Wijzigingen in drukvormen zijn in het algemeen moeizaam te constateren. Aan de hand van kenmerken voor bepaalde posities op de drukvorm is het mogelijk om aan te tonen dat er een andere drukvorm in gebruik genomen is. Dit zogenoemde platen hoeft niet beperkt te worden tot de allervroegste emissies doch kan eenvoudig ook gedaan worden bij eigentijdse series zoals b.v. bij de Beatrix-serie met behulp van de spikkels.
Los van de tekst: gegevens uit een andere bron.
(* Let $(X_t)_{t\in\mathbb N_0}$ be real random variables adapted to a filtration $(\mathcal F_t)_{t\in\mathbb N_0}$ with $X_0=x_0$ deterministic, let $\tau^*$ be a stopping time, let $I^-<I^+$ be reals, and define $\tau^+=\inf\{t\ge0:X_t\ge I^+\}$, $\tau^-=\inf\{t\ge0:X_t\le I^-\}$. For a stopping time $\tau$ and parameters $D,s\ge0$, $R\in\mathbb R$, say that the drift conditions hold if for every $t\ge1$: (C1) $\mathbf 1_{\{\tau>t-1\}}\big(X_{t-1}+R-\mathbb E[X_t\mid\mathcal F_{t-1}]\big)\le0$ almost surely, and (C2) conditioned on $\mathcal F_{t-1}$, the random variable $\mathbf 1_{\{\tau>t-1\}}(X_{t-1}+R-X_t)$ satisfies the one-sided $(D,s)$-Bernstein condition. Let $\epsilon>0$. (1) Suppose the drift conditions hold with $R<0$ and $\tau=\tau^*$, and $x_0>I^-$. Then for every positive integer $T\le\frac{(1-\epsilon)(x_0-I^-)}{-R}$, $$\Pr[\tau^-\le\min\{T,\tau^*\}]\le\exp\Big(-\frac{\epsilon^2(x_0-I^-)^2/2}{sT+\epsilon(x_0-I^-)D/3}\Big).$$ (2) Suppose the drift conditions hold with $R>0$ and $\tau=\min\{\tau^+,\tau^-,\tau^*\}$, and $I^-<x_0<I^+$. Then for every positive integer $T\ge\frac{(1+\epsilon)(I^+-x_0)}{R}$, both $\Pr[\tau^+>T\text{ and }\tau^*>T]$ and $\Pr[\tau^+>\tau^-\text{ and }\tau^*>T]$ are at most $$\exp\Big(-\frac{(x_0-I^-)^2/2}{sT+(x_0-I^-)D/3}\Big)+\exp\Big(-\frac{\epsilon^2(I^+-x_0)^2/2}{sT+\epsilon(I^+-x_0)D/3}\Big).$$
   Context: One-sided Bernstein condition: for $D,s\ge0$, a random variable $Z$ satisfies the one-sided $(D,s)$-Bernstein condition if $\mathbb E[e^{\lambda Z}]\le\exp\!\big(\frac{\lambda^2 s/2}{1-\lambda D/3}\big)$ for all $\lambda\ge0$ with $\lambda D<3$; "conditioned on $\mathcal F_{t-1}$" means this holds almost surely with $\mathbb E[\,\cdot\mid\mathcal F_{t-1}]$ in place of $\mathbb E$. Infima of empty sets are $+\infty$. *)

theory Defs
  imports "HOL-Probability.Probability" "HOL-Library.Extended_Nat"
begin

definition nat_stopping_time :: "(nat \<Rightarrow> 'a measure) \<Rightarrow> ('a \<Rightarrow> enat) \<Rightarrow> bool" where
  "nat_stopping_time F \<tau> \<longleftrightarrow> (\<forall>t::nat. Measurable.pred (F t) (\<lambda>\<omega>. \<tau> \<omega> \<le> enat t))"

text \<open>First time the process is at least I (infimum of the empty set is infinity).\<close>
definition hit_up :: "(nat \<Rightarrow> 'a \<Rightarrow> real) \<Rightarrow> real \<Rightarrow> 'a \<Rightarrow> enat" where
  "hit_up X I \<omega> = (INF t \<in> {t. X t \<omega> \<ge> I}. enat t)"

text \<open>First time the process is at most I (infimum of the empty set is infinity).\<close>
definition hit_down :: "(nat \<Rightarrow> 'a \<Rightarrow> real) \<Rightarrow> real \<Rightarrow> 'a \<Rightarrow> enat" where
  "hit_down X I \<omega> = (INF t \<in> {t. X t \<omega> \<le> I}. enat t)"

definition cond_bernstein :: "'a measure \<Rightarrow> 'a measure \<Rightarrow> ('a \<Rightarrow> real) \<Rightarrow> real \<Rightarrow> real \<Rightarrow> bool" where
  "cond_bernstein M G Z D s \<longleftrightarrow>
     (\<forall>l::real. l \<ge> 0 \<and> l * D < 3 \<longrightarrow>
        (AE \<omega> in M. nn_cond_exp M G (\<lambda>x. ennreal (exp (l * Z x))) \<omega>
                      \<le> ennreal (exp ((l\<^sup>2 * s / 2) / (1 - l * D / 3)))))"

text \<open>Drift conditions (C1), (C2), for every t \<ge> 1, written with t = Suc t'.\<close>
definition drift_conditions ::
  "'a measure \<Rightarrow> (nat \<Rightarrow> 'a measure) \<Rightarrow> (nat \<Rightarrow> 'a \<Rightarrow> real) \<Rightarrow> ('a \<Rightarrow> enat)
     \<Rightarrow> real \<Rightarrow> real \<Rightarrow> real \<Rightarrow> bool" where
  "drift_conditions M F X \<tau> R D s \<longleftrightarrow>
     (\<forall>t::nat.
        (AE \<omega> in M. indicator {x. \<tau> x > enat t} \<omega>
                       * (X t \<omega> + R - real_cond_exp M (F t) (X (Suc t)) \<omega>) \<le> (0::real))
      \<and> cond_bernstein M (F t)
          (\<lambda>\<omega>. indicator {x. \<tau> x > enat t} \<omega> * (X t \<omega> + R - X (Suc t) \<omega>)) D s)"

end

theory Submission
  imports Defs
begin

(* Write Z t = 1{t < tau} (X t + R - X (t+1)) for the drift-corrected increments stopped at tau.
   Multiplying Z t by the indicator of an event of F t keeps the conditional Bernstein bound
   E[exp (l Z t) | F t] <= exp (psi l), psi l = (l^2 s/2) / (1 - l D/3), so iterated conditioning
   gives E[exp (l S)] <= exp (T psi l) for the sum S of such gated increments over t < T, and
   Chernoff's bound with l = a / (s T + a D/3) gives P[S >= a] <= exp (- (a^2/2) / (s T + a D/3)).
   Gated by {t < hit_down X Im}, S telescopes to x0 - X m + m R with m = min (hit_down X Im) T,
   provided tau has not occurred before m.
   (1) If X reaches Im by time T and before tau*, then S >= x0 - Im + T R >= eps (x0 - Im).
   (2) On both events either X reaches Im first, so S >= x0 - Im, or X stays below Ip up to T,
   so S > T R - (Ip - x0) >= eps (Ip - x0); a union bound adds the two tails. *)

lemma hit_down_le_enat_iff: "hit_down X I \<omega> \<le> enat k \<longleftrightarrow> (\<exists>j\<le>k. X j \<omega> \<le> I)"
  unfolding hit_down_def INF_le_iff
proof safe
  assume "\<forall>y > enat k. \<exists>i\<in>{t. X t \<omega> \<le> I}. enat i < y"
  from this[rule_format, of "enat (Suc k)"] show "\<exists>j\<le>k. X j \<omega> \<le> I"
    by (auto simp: less_Suc_eq_le)
next
  fix j y assume "j \<le> k" "X j \<omega> \<le> I" "enat k < y"
  then show "\<exists>i\<in>{t. X t \<omega> \<le> I}. enat i < y"
    by (intro bexI[of _ j]) (auto intro: le_less_trans[of "enat j" "enat k"])
qed

lemma hit_up_eq_hit_down_uminus: "hit_up X I = hit_down (\<lambda>t \<omega>. - X t \<omega>) (- I)"
  by (simp add: fun_eq_iff hit_up_def hit_down_def)

lemma enat_less_hit_down_iff: "enat k < hit_down X I \<omega> \<longleftrightarrow> (\<forall>j\<le>k. I < X j \<omega>)"
  using hit_down_le_enat_iff[of X I \<omega> k] by (auto simp: not_le)

lemma enat_less_hit_up_iff: "enat k < hit_up X I \<omega> \<longleftrightarrow> (\<forall>j\<le>k. X j \<omega> < I)"
  by (simp add: hit_up_eq_hit_down_uminus enat_less_hit_down_iff)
Het materiaal, los of in veldelen, is nu nog betrekkelijk makkelijk te verkrijgen, en wel aan het loket.
Voor de huidige in offset gedrukte zegels worden de platen zo vervaardigd dat uitgaande van een filmstrook van 10 of 20 rij-gewijs een drukvel van 100 of 200 wordt opgebouwd.
Kenmerken die op de oorspronkelijke strook aanwezig waren, zullen op de hele kolom terug te vinden zijn. Ook kunnen deze kenmerken pas optreden vanaf rij X.
Bij het maken van een nieuwe plaat komen eventueel weer andere kenmerken voor.
Recent voorbeeld: de 70c Windmolenpark [1986] met een zwarte punt achter het woord wind in de 10e kolom.
Het zal duidelijk zijn dat zo'n onderzoek alleen maar is weggelegd, en zelfs dat is ook nog niet zo simpel, voor verzamelaars in het land zelf.
Toch kom je een heel eind bij zegels van andere landen, zonder te beschikken over zegels met velranden, puur met losse zegels.
Het opmeten van de hierbovengenoemde rastermaat is zo'n techniek bij het onderzoek. Verschillen betekenen altijd een andere drukvorm.
Een verschil in drukrichting houdt ook altijd in dat er een andere drukvorm is gekomen. Immers de zegelafbeelding op de drukvorm is 90 graden gedraaid, en een ronde drukvorm [=cylinder] kan slechts om één as draaien.